*** Block opens ***

lemma lazy_walk_shortcut:
  assumes "lazy_walk V E xs"
  shows "\<exists>ys. walk_between V E (hd xs) (last xs) ys \<and> length ys \<le> length xs"
  using assms
proof (induction xs)
  case Nil
  then show ?case by (simp add: lazy_walk_def)
next
  case (Cons a xs)
  show ?case
  proof (cases "xs = []")
    case True
    then show ?thesis using Cons.prems
      by (intro exI[of _ "[a]"]) (auto simp: lazy_walk_def walk_between_def walk_def)
  next
    case False
    have "lazy_walk V E xs" and step: "E a (hd xs) \<or> a = hd xs"
      using Cons.prems False by (auto simp: lazy_walk_def successively_Cons)
    then obtain ys where ys: "walk_between V E (hd xs) (last xs) ys" "length ys \<le> length xs"
      using Cons.IH by blast
    show ?thesis
    proof (cases "a = hd xs")
      case True
      then show ?thesis using ys False by (intro exI[of _ ys]) auto
    next
      case False
      then have "E a (hd ys)" using step ys by (auto simp: walk_between_def)
      then show ?thesis using ys \<open>xs \<noteq> []\<close> Cons.prems
        by (intro exI[of _ "a # ys"])
           (auto simp: walk_between_def walk_def lazy_walk_def successively_Cons)
    qed
  qed
qed

lemma gdist_le_walk_length: "walk_between V E x y xs \<Longrightarrow> gdist V E x y \<le> length xs - 1"
  unfolding gdist_def
  by (rule Least_le) (auto simp: walk_between_def walk_def intro!: exI[of _ xs])
(* Assume the setting of the context with $g$ logconcave. Then: (a) The coverage satisfies $C(\theta)=G(x_1(\theta))$ for $\theta\in[0,a]$; $C(\theta)=G(x_1(\theta))-G(x_0(\theta))$ for $\theta\in(a,2d_0]$; $C(\theta)=G(x_1(\theta))-G(x_2(\theta))$ for $\theta\in(2d_0,\infty)$, and the functions $x_0,x_1,x_2$ satisfy (i) $G(x_0(\theta))=\alpha\,G(x_0(\theta)+\theta)$ for $\theta\in(a,2d_0]$; (ii) $2G(x_1(\theta))-1=(1-\alpha)G(x_1(\theta)+\theta)$ for $\theta\ge0$; (iii) $1-2G(x_2(\theta))=(1-\alpha)G(x_2(\theta)+\theta)$ for $\theta\ge 2d_0$. (b) $x_0$ and $x_1$ are nondecreasing and $x_2$ is nonincreasing on their domains; $x_0(2d_0)=x_2(2d_0)=-d_0$; $x_0(d_1)=-d_1$ whenever $d_1>a$; $\lim_{\theta\to0^+}x_1(\theta)=d_0$, $\lim_{\theta\to\infty}x_1(\theta)=d_1$, and $\lim_{\theta\to\infty}x_2(\theta)=-d_1$.
   Context: Let $g$ be a probability density on $\mathbb{R}$, unimodal and symmetric about $0$ (i.e. $g(z)=g(-z)$ and $g$ nonincreasing on $[0,\infty)$), and logconcave ($\log g$ concave on its support), with cdf $G$ and quantile function $G^{-1}(t)=\inf\{x:G(x)\ge t\}$. Let $X$ have density $g(x-\theta)$, $\theta\ge0$, and $P_\theta$ the corresponding probability. Fix $\alpha\in(0,1)$, and set $d_0=G^{-1}(\tfrac1{1+\alpha})$, $d_1=G^{-1}(1-\tfrac\alpha2)$. The HPD credible interval (prior $1_{[0,\infty)}(\theta)$, credibility $1-\alpha$) is $[l(X),u(X)]$ with $l(x)=\{x-G^{-1}(\tfrac12+\tfrac{1-\alpha}2G(x))\}1_{(d_0,\infty)}(x)$, $u(x)=x-G^{-1}(\alpha G(x))$ for $x\le d_0$ and $u(x)=x+G^{-1}(\tfrac12+\tfrac{1-\alpha}2G(x))$ for $x>d_0$. The frequentist coverage is $C(\theta)=P_\theta(l(X)\le\theta\le u(X))$, and $a=\lim_{x\to-\infty}u(x)$. Define $u^{-1}(\theta)=\inf\{x:\theta\le u(x)\}$, $l^{-1}(\theta)=\sup\{x:\theta\ge l(x)\}$, and $x_0(\theta)=u^{-1}(\theta)-\theta$ for $\theta\in(a,2d_0]$, $x_1(\theta)=l^{-1}(\theta)-\theta$ for $\theta\ge0$, $x_2(\theta)=u^{-1}(\theta)-\theta$ for $\theta\ge2d_0$. *)

theory Defs
  imports "HOL-Analysis.Analysis"
begin

definition cdf :: "(real \<Rightarrow> real) \<Rightarrow> real \<Rightarrow> real" where
  "cdf g x = (LINT t:{..x}|lborel. g t)"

*** Block closes ***

What to produce:
Copy all of the data above, character for character.

Problem solution:
lemma lazy_walk_shortcut:
  assumes "lazy_walk V E xs"
  shows "\<exists>ys. walk_between V E (hd xs) (last xs) ys \<and> length ys \<le> length xs"
  using assms
proof (induction xs)
  case Nil
  then show ?case by (simp add: lazy_walk_def)
next
  case (Cons a xs)
  show ?case
  proof (cases "xs = []")
    case True
    then show ?thesis using Cons.prems
      by (intro exI[of _ "[a]"]) (auto simp: lazy_walk_def walk_between_def walk_def)
  next
    case False
    have "lazy_walk V E xs" and step: "E a (hd xs) \<or> a = hd xs"
      using Cons.prems False by (auto simp: lazy_walk_def successively_Cons)
    then obtain ys where ys: "walk_between V E (hd xs) (last xs) ys" "length ys \<le> length xs"
      using Cons.IH by blast
    show ?thesis
    proof (cases "a = hd xs")
      case True
      then show ?thesis using ys False by (intro exI[of _ ys]) auto
    next
      case False
      then have "E a (hd ys)" using step ys by (auto simp: walk_between_def)
      then show ?thesis using ys \<open>xs \<noteq> []\<close> Cons.prems
        by (intro exI[of _ "a # ys"])
           (auto simp: walk_between_def walk_def lazy_walk_def successively_Cons)
    qed
  qed
qed

lemma gdist_le_walk_length: "walk_between V E x y xs \<Longrightarrow> gdist V E x y \<le> length xs - 1"
  unfolding gdist_def
  by (rule Least_le) (auto simp: walk_between_def walk_def intro!: exI[of _ xs])
(* Assume the setting of the context with $g$ logconcave. Then: (a) The coverage satisfies $C(\theta)=G(x_1(\theta))$ for $\theta\in[0,a]$; $C(\theta)=G(x_1(\theta))-G(x_0(\theta))$ for $\theta\in(a,2d_0]$; $C(\theta)=G(x_1(\theta))-G(x_2(\theta))$ for $\theta\in(2d_0,\infty)$, and the functions $x_0,x_1,x_2$ satisfy (i) $G(x_0(\theta))=\alpha\,G(x_0(\theta)+\theta)$ for $\theta\in(a,2d_0]$; (ii) $2G(x_1(\theta))-1=(1-\alpha)G(x_1(\theta)+\theta)$ for $\theta\ge0$; (iii) $1-2G(x_2(\theta))=(1-\alpha)G(x_2(\theta)+\theta)$ for $\theta\ge 2d_0$. (b) $x_0$ and $x_1$ are nondecreasing and $x_2$ is nonincreasing on their domains; $x_0(2d_0)=x_2(2d_0)=-d_0$; $x_0(d_1)=-d_1$ whenever $d_1>a$; $\lim_{\theta\to0^+}x_1(\theta)=d_0$, $\lim_{\theta\to\infty}x_1(\theta)=d_1$, and $\lim_{\theta\to\infty}x_2(\theta)=-d_1$.
   Context: Let $g$ be a probability density on $\mathbb{R}$, unimodal and symmetric about $0$ (i.e. $g(z)=g(-z)$ and $g$ nonincreasing on $[0,\infty)$), and logconcave ($\log g$ concave on its support), with cdf $G$ and quantile function $G^{-1}(t)=\inf\{x:G(x)\ge t\}$. Let $X$ have density $g(x-\theta)$, $\theta\ge0$, and $P_\theta$ the corresponding probability. Fix $\alpha\in(0,1)$, and set $d_0=G^{-1}(\tfrac1{1+\alpha})$, $d_1=G^{-1}(1-\tfrac\alpha2)$. The HPD credible interval (prior $1_{[0,\infty)}(\theta)$, credibility $1-\alpha$) is $[l(X),u(X)]$ with $l(x)=\{x-G^{-1}(\tfrac12+\tfrac{1-\alpha}2G(x))\}1_{(d_0,\infty)}(x)$, $u(x)=x-G^{-1}(\alpha G(x))$ for $x\le d_0$ and $u(x)=x+G^{-1}(\tfrac12+\tfrac{1-\alpha}2G(x))$ for $x>d_0$. The frequentist coverage is $C(\theta)=P_\theta(l(X)\le\theta\le u(X))$, and $a=\lim_{x\to-\infty}u(x)$. Define $u^{-1}(\theta)=\inf\{x:\theta\le u(x)\}$, $l^{-1}(\theta)=\sup\{x:\theta\ge l(x)\}$, and $x_0(\theta)=u^{-1}(\theta)-\theta$ for $\theta\in(a,2d_0]$, $x_1(\theta)=l^{-1}(\theta)-\theta$ for $\theta\ge0$, $x_2(\theta)=u^{-1}(\theta)-\theta$ for $\theta\ge2d_0$. *)

theory Defs
  imports "HOL-Analysis.Analysis"
begin

definition cdf :: "(real \<Rightarrow> real) \<Rightarrow> real \<Rightarrow> real" where
  "cdf g x = (LINT t:{..x}|lborel. g t)"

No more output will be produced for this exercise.